RECORDED INFORMATION:
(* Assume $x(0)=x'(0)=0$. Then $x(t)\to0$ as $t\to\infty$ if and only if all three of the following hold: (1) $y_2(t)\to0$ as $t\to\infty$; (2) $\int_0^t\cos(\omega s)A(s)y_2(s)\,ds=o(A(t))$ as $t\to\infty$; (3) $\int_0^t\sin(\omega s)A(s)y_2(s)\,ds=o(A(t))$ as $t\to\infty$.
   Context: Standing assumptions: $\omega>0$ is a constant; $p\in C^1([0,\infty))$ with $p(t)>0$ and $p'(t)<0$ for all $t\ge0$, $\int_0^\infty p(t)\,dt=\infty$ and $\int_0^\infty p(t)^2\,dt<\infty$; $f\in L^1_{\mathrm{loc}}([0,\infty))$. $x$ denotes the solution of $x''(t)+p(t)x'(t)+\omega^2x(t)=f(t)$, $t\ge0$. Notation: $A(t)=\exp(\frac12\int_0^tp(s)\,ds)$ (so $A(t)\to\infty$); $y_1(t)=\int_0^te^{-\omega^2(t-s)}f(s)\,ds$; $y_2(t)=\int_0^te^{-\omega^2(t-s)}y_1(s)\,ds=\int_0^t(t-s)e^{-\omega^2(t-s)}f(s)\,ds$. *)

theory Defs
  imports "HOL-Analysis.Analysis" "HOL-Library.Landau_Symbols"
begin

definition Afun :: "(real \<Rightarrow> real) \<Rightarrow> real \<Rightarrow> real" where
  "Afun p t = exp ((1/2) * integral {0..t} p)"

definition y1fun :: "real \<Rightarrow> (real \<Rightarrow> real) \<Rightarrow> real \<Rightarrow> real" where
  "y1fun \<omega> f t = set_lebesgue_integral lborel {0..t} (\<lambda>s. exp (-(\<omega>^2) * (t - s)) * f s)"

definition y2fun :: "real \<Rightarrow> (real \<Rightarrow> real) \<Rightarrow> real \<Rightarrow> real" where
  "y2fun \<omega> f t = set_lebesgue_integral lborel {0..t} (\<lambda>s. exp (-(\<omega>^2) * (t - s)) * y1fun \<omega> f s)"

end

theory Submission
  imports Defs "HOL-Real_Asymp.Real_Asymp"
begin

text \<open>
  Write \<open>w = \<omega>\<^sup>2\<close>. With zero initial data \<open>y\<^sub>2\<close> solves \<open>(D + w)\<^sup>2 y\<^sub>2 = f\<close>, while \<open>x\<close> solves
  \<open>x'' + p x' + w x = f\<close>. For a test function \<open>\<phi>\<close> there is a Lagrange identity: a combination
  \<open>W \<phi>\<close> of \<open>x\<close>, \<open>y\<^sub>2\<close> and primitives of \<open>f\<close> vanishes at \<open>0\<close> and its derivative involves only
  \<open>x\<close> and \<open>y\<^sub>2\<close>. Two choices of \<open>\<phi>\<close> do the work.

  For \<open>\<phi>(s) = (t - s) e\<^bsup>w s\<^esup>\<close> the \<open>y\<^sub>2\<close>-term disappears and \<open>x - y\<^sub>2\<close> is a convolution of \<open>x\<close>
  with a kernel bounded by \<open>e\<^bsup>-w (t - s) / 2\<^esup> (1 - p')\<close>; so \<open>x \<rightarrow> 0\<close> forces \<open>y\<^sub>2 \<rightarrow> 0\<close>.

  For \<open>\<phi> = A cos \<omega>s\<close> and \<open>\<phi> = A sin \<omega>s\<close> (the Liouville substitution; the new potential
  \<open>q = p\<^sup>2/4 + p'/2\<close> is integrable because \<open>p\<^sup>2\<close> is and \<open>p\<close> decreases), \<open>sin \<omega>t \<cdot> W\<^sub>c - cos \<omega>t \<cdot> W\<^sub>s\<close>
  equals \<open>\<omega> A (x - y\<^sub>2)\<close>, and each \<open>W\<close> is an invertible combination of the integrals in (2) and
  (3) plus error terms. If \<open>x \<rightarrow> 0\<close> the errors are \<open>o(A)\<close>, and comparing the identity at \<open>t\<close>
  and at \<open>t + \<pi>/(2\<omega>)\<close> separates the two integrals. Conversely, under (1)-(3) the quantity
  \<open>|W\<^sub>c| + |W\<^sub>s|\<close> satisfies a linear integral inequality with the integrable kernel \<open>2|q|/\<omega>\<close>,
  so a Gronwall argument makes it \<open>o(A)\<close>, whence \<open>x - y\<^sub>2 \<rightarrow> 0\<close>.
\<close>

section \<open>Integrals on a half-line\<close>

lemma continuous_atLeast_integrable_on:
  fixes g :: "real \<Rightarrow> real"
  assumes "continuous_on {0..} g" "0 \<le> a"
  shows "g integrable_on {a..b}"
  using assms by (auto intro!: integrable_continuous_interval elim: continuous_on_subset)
* * *
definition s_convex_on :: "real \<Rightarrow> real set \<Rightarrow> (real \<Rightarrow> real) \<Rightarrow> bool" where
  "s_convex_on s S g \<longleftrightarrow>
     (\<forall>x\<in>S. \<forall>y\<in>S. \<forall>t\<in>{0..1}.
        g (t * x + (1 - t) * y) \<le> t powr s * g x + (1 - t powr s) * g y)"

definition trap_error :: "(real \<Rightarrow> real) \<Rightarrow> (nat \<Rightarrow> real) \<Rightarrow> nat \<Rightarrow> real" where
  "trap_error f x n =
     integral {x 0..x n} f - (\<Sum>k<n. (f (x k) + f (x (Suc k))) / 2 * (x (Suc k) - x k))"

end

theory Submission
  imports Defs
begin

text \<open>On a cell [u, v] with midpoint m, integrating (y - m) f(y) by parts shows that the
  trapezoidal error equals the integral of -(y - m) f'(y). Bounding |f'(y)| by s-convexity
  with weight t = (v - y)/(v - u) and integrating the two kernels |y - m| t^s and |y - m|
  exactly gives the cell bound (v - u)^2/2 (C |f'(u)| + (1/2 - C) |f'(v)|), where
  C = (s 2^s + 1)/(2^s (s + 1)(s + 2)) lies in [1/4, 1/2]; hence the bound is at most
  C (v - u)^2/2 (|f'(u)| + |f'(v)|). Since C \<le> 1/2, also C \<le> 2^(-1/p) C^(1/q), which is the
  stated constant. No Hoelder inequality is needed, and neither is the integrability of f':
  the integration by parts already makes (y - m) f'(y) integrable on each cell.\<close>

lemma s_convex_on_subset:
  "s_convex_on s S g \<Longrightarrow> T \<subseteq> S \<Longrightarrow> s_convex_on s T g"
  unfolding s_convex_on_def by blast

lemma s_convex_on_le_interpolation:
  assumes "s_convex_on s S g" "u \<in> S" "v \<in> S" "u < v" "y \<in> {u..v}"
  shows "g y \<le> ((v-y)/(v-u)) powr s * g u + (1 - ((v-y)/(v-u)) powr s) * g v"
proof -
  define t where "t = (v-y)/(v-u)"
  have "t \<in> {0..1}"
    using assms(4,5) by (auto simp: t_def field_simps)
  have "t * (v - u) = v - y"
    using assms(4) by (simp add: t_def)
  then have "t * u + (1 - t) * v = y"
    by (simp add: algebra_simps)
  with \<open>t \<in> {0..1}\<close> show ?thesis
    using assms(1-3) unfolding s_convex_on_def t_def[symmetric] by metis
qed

WORK TASK:
Copy out, exactly and alone, the lines of the entries above between the ones holding "equals \<open>\<omega> A" and "using assms by", inclusive.

RESPONSE:
  equals \<open>\<omega> A (x - y\<^sub>2)\<close>, and each \<open>W\<close> is an invertible combination of the integrals in (2) and
  (3) plus error terms. If \<open>x \<rightarrow> 0\<close> the errors are \<open>o(A)\<close>, and comparing the identity at \<open>t\<close>
  and at \<open>t + \<pi>/(2\<omega>)\<close> separates the two integrals. Conversely, under (1)-(3) the quantity
  \<open>|W\<^sub>c| + |W\<^sub>s|\<close> satisfies a linear integral inequality with the integrable kernel \<open>2|q|/\<omega>\<close>,
  so a Gronwall argument makes it \<open>o(A)\<close>, whence \<open>x - y\<^sub>2 \<rightarrow> 0\<close>.
\<close>

section \<open>Integrals on a half-line\<close>

lemma continuous_atLeast_integrable_on:
  fixes g :: "real \<Rightarrow> real"
  assumes "continuous_on {0..} g" "0 \<le> a"
  shows "g integrable_on {a..b}"
  using assms by (auto intro!: integrable_continuous_interval elim: continuous_on_subset)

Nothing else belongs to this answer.